Был крест нательный под пижамой у него, а как под кожей был. Чесался шнур за шеей, не достанешь, и серебро нажгло, как будто тысячи крапивниц подлых, паучков, клопов диванных, комаров да блох жило под ним. В шнуре жило крученом, букашек да мурашек, кусанов, что ночью кровь сосут из жил. «Всю высосут по жалам, всю…», – подумал, как по распятью кровь по капле в землю утекала со ступней Христа.

Веревка ожила, и из нее вверх по спине мурашки побежали, вниз побежали… Запрыгали, застрекотали, везде, повсюду… Руку приложив к груди, шнурок нащупал, сжал, зажмурился и дернул. Веревка оборвалась, звякнув, крест упал.

– Заступники святые…

Облегченно откинулся в подушки и довольный посмотрел на мать.

– Отдай письмо… не то…

– Не то, то что?

– Увидишь…

Сел повыше, в пустоту смотрел.
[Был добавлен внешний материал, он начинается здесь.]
(* There is a constant $c_1>0$ such that for all $n>5$, $$h_3(n,\{(4,0),(4,2)\}) > c_1\, n^{1/5}.$$ That is, every $n$-vertex $3$-graph in which every four vertices span $1$, $3$ or $4$ edges has a clique or coclique of size greater than $c_1 n^{1/5}$.
   Context: For an $r$-uniform hypergraph ($r$-graph) $H$, a homogeneous set is a set of vertices that is either a clique (every $r$-subset is an edge) or a coclique (no $r$-subset is an edge); $h(H)$ denotes the size of a largest homogeneous set. An $(m,f)$-graph is an $r$-graph with $m$ vertices and $f$ edges; $H$ is $(m,f)$-free if it contains no induced sub-hypergraph that is an $(m,f)$-graph. For a set $Q$ of pairs $(m,f)$, $H$ is $Q$-free if it is $(m,f)$-free for every $(m,f)\in Q$. $h_r(n,Q)$ is the minimum of $h(H)$ over all $n$-vertex $Q$-free $r$-graphs $H$. *)

theory Defs
  imports Complex_Main
begin

definition r_graph :: "nat \<Rightarrow> 'a set \<Rightarrow> 'a set set \<Rightarrow> bool" where
  "r_graph r V E \<longleftrightarrow> finite V \<and> (\<forall>e\<in>E. e \<subseteq> V \<and> card e = r)"

definition homogeneous :: "nat \<Rightarrow> 'a set \<Rightarrow> 'a set set \<Rightarrow> 'a set \<Rightarrow> bool" where
  "homogeneous r V E S \<longleftrightarrow> S \<subseteq> V \<and>
     ((\<forall>T. T \<subseteq> S \<and> card T = r \<longrightarrow> T \<in> E) \<or> (\<forall>T. T \<subseteq> S \<and> card T = r \<longrightarrow> T \<notin> E))"

definition hom_num :: "nat \<Rightarrow> 'a set \<Rightarrow> 'a set set \<Rightarrow> nat" where
  "hom_num r V E = Max {card S | S. homogeneous r V E S}"

definition has_induced :: "'a set \<Rightarrow> 'a set set \<Rightarrow> nat \<times> nat \<Rightarrow> bool" where
  "has_induced V E mf \<longleftrightarrow>
     (\<exists>S. S \<subseteq> V \<and> card S = fst mf \<and> card {e\<in>E. e \<subseteq> S} = snd mf)"
lemma shared_points_meets_piece:
  assumes "finite V" and pieces: "\<And>c. c \<in> V \<Longrightarrow> closed (D c) \<and> D c \<noteq> {}"
    and "connected (\<Union>(D ` V))" "c \<in> V" "V \<noteq> {c}"
  shows "D c \<inter> shared_points D V \<noteq> {}"
proof -
  have "D c \<inter> \<Union>(D ` (V - {c})) \<noteq> {}"
  proof (rule connected_as_closed_union[OF assms(3)])
    show "\<Union>(D ` V) = D c \<union> \<Union>(D ` (V - {c}))"
      using \<open>c \<in> V\<close> by blast
    show "\<Union>(D ` (V - {c})) \<noteq> {}"
      using assms(4,5) pieces by blast
  qed (use assms in \<open>auto intro: closed_Union\<close>)
  then show ?thesis
    using \<open>c \<in> V\<close> by (auto intro: shared_pointsI)
qed

lemma sum_card_Int_eq_sum_card_members:
  assumes "finite V" "finite X"
  shows "(\<Sum>c\<in>V. card (X \<inter> D c)) = (\<Sum>x\<in>X. card {c\<in>V. x \<in> D c})"
proof -
  have "(\<Sum>c\<in>V. card (X \<inter> D c)) = (\<Sum>c\<in>V. \<Sum>x\<in>X. if x \<in> D c then 1 else 0)"
    using assms(2) by (simp add: Int_def sum.If_cases)
  also have "\<dots> = (\<Sum>x\<in>X. \<Sum>c\<in>V. if x \<in> D c then 1 else 0)"
    by (rule sum.swap)
  also have "\<dots> = (\<Sum>x\<in>X. card {c\<in>V. x \<in> D c})"
    using assms(1) by (simp add: sum.If_cases Int_def)
  finally show ?thesis .
qed

lemma sum_card_Int_eq_card_Int_Union:
  assumes "finite V" "finite L" "L \<inter> shared_points D V = {}"
  shows "(\<Sum>c\<in>V. card (L \<inter> D c)) = card (L \<inter> \<Union>(D ` V))"
proof -
  have "(\<Sum>c\<in>V. card (L \<inter> D c)) = card (\<Union>c\<in>V. L \<inter> D c)"
  proof (rule card_UN_disjoint[symmetric])
    show "\<forall>c\<in>V. \<forall>d\<in>V. c \<noteq> d \<longrightarrow> L \<inter> D c \<inter> (L \<inter> D d) = {}"
      using assms(3) by (auto intro: shared_pointsI)
  qed (use assms in auto)
  also have "(\<Union>c\<in>V. L \<inter> D c) = L \<inter> \<Union>(D ` V)"
    by blast
  finally show ?thesis .
qed

section \<open>Pinched disks\<close>

lemma pinched_disk_pieces:
  assumes "pinched_disk P X" "c \<in> components (P - X)"
  shows "closed (closure c)" "connected (closure c)" "closure c \<noteq> {}" "closure c \<subseteq> P"
proof -
  have "compact P"
    using assms(1) unfolding pinched_disk_def by blast
  moreover have "c \<subseteq> P"
    using in_components_subset[OF assms(2)] by blast
  ultimately show "closure c \<subseteq> P"
    by (simp add: closure_minimal compact_imp_closed)
  show "closed (closure c)" "connected (closure c)" "closure c \<noteq> {}"
    using assms(2) by (auto intro: connected_imp_connected_closure in_components_connected
        dest: in_components_nonempty)
qed

lemma pinched_disk_shared_points:
  assumes "pinched_disk P X"
  shows "shared_points closure (components (P - X)) = X"
proof
  show "shared_points closure (components (P - X)) \<subseteq> X"
  proof
    fix x assume "x \<in> shared_points closure (components (P - X))"
    then obtain c d where "c \<in> components (P - X)" "d \<in> components (P - X)" "c \<noteq> d"
        "x \<in> closure c" "x \<in> closure d"
      unfolding shared_points_def by blast
    then show "x \<in> X"
      using assms unfolding pinched_disk_def by blast
  qed
  show "X \<subseteq> shared_points closure (components (P - X))"
  proof
    fix x assume "x \<in> X"
    then have "card {c \<in> components (P - X). x \<in> closure c} = 2"
      using assms unfolding pinched_disk_def by blast
    then show "x \<in> shared_points closure (components (P - X))"
      unfolding card_2_iff' shared_points_def by blast
  qed
qed

lemma pinched_disk_Union_closure_components:
  assumes "pinched_disk P X"
  shows "\<Union>(closure ` components (P - X)) = P"
proof
  show "\<Union>(closure ` components (P - X)) \<subseteq> P"
    using pinched_disk_pieces(4)[OF assms] by blast
  show "P \<subseteq> \<Union>(closure ` components (P - X))"
  proof
    fix y assume "y \<in> P"
    show "y \<in> \<Union>(closure ` components (P - X))"
    proof (cases "y \<in> X")
      case True
      then show ?thesis
        using pinched_disk_shared_points[OF assms] unfolding shared_points_def by blast
    next
      case False
      then have "y \<in> \<Union>(components (P - X))"
        using \<open>y \<in> P\<close> by simp
      then show ?thesis
        using closure_subset by blast
    qed
  qed
qed

lemma pinched_disk_unicoherent:
  assumes "pinched_disk P X"
  shows "unicoherent P"
proof -
  have "finite (components (P - X))" "finite X" "simply_connected P"
    using assms unfolding pinched_disk_def by blast+
  have "ANR (closure c)" if "c \<in> components (P - X)" for c
  proof (rule ANR_homeomorphic_ANR)
    show "closure c homeomorphic cball (0::real^2) 1"
      using assms that unfolding pinched_disk_def by blast
  qed (simp add: convex_imp_ANR)
  then have "ANR P"
    using ANR_Union_finite_shared_points[of "components (P - X)" closure]
      \<open>finite (components (P - X))\<close> \<open>finite X\<close>
      pinched_disk_shared_points[OF assms] pinched_disk_Union_closure_components[OF assms] by simp
  then have "locally path_connected P"
    by (rule ANR_imp_locally_path_connected)
  then show ?thesis
    using \<open>simply_connected P\<close> by (intro Borsukian_imp_unicoherent simply_connected_imp_Borsukian)
qed

lemma pinched_disk_card_components:
  assumes "pinched_disk P X" "P \<noteq> {}"
  shows "card X < card (components (P - X))"
proof -
  note shared = pinched_disk_shared_points[OF assms(1)]
    and Union = pinched_disk_Union_closure_components[OF assms(1)]
    and pieces = pinched_disk_pieces[OF assms(1)]
  have "finite (components (P - X))" "finite X" "connected P"
    using assms(1) unfolding pinched_disk_def by blast+
  moreover have "tree_like closure (components (P - X))"
    using pinched_disk_unicoherent[OF assms(1)] \<open>finite (components (P - X))\<close> \<open>finite X\<close>
      shared Union by (intro unicoherent_imp_tree_like) auto
  moreover have "components (P - X) \<noteq> {}"
  proof
    assume empty: "components (P - X) = {}"
    show False
      using Union assms(2) unfolding empty by simp
  qed
  ultimately show ?thesis
    using card_shared_points_less[of "components (P - X)" closure] pieces shared Union by auto
qed

lemma pinched_disk_degree_sum:
  assumes "pinched_disk P X"
  shows "(\<Sum>c\<in>components (P - X). card (X \<inter> closure c)) = 2 * card X"
  using assms sum_card_Int_eq_sum_card_members[of "components (P - X)" X closure]
  unfolding pinched_disk_def by simp

lemma pinched_disk_pinch_point_on_piece:
  assumes "pinched_disk P X" "X \<noteq> {}" "c \<in> components (P - X)"
  shows "X \<inter> closure c \<noteq> {}"
proof -
  note shared = pinched_disk_shared_points[OF assms(1)]
  obtain x where "x \<in> shared_points closure (components (P - X))"
    using assms(2) shared by blast
  then obtain c1 c2 where "c1 \<in> components (P - X)" "c2 \<in> components (P - X)" "c1 \<noteq> c2"
    unfolding shared_points_def by blast
  then have "components (P - X) \<noteq> {c}"
    by blast
  moreover have "finite (components (P - X))" "connected P"
    using assms(1) unfolding pinched_disk_def by blast+
  ultimately show ?thesis
    using shared_points_meets_piece[of "components (P - X)" closure c]
      pinched_disk_pieces[OF assms(1)] pinched_disk_Union_closure_components[OF assms(1)]
      shared assms(3) by auto
qed

lemma pinched_disk_sum_card_frontier_le:
  assumes "pinched_disk P X" "finite L" "L \<inter> X = {}"
  shows "(\<Sum>c\<in>components (P - X). card (L \<inter> frontier (closure c))) \<le> card (L \<inter> P)"
proof -
  have "finite (components (P - X))"
    using assms(1) unfolding pinched_disk_def by blast
  have "(\<Sum>c\<in>components (P - X). card (L \<inter> frontier (closure c)))
      \<le> (\<Sum>c\<in>components (P - X). card (L \<inter> closure c))"
    using assms(2) frontier_subset_closed[OF closed_closure]
    by (intro sum_mono card_mono) auto
  also have "\<dots> = card (L \<inter> P)"
    using sum_card_Int_eq_card_Int_Union[of "components (P - X)" L closure]
      \<open>finite (components (P - X))\<close> assms(2,3)
      pinched_disk_shared_points[OF assms(1)] pinched_disk_Union_closure_components[OF assms(1)]
    by simp
  finally show ?thesis .
qed

lemma four_le_add_if_same_parity:
  fixes k l :: nat
  assumes "l mod 2 = k mod 2" "k \<ge> 1" "k = 1 \<longrightarrow> l \<ge> 3" "k = 2 \<longrightarrow> l \<ge> 2"
  shows "4 \<le> l + k"
  using assms by presburger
В ней замелькали лица храмовых старух и служек, священника, похожего на колдуна, учительницы музыки, и дворника, что задушил ее, кассирши из хозяйственного магазина, что продала Бобрыкину веревку, почтарки, тети Жени, бабы Тани, не бабы Тани, ни почтарки…никого…

– Чур, чур тебя! – крестясь шептала мать. – Потьма, отыми! Все бесы, Саша, от твоих проклятых писем! Дай сказала, д-а-а-й сюда…

И бросилась, вцепилась, вырвала листок. Бумажные осколки хлынули в лицо, как перья белой птицы опускались на пол, медленно чернея от теней. Ударив в стену форточка раскрылась, в комнату ворвался ветер, стукнулся о дверь и, оттолкнув ее, помчался дальше, раскачивая коридорные шкафы.

– Возьмите птиц летящих, горсть земную… – встав на колени, бормотала мать.

Графитной пустотой углы забились, зеленым глазом не мигая смотрели электронные часы, и, шаря рукавами, ползала по полу, ища под пологом, между бумажных трещин упавшего креста.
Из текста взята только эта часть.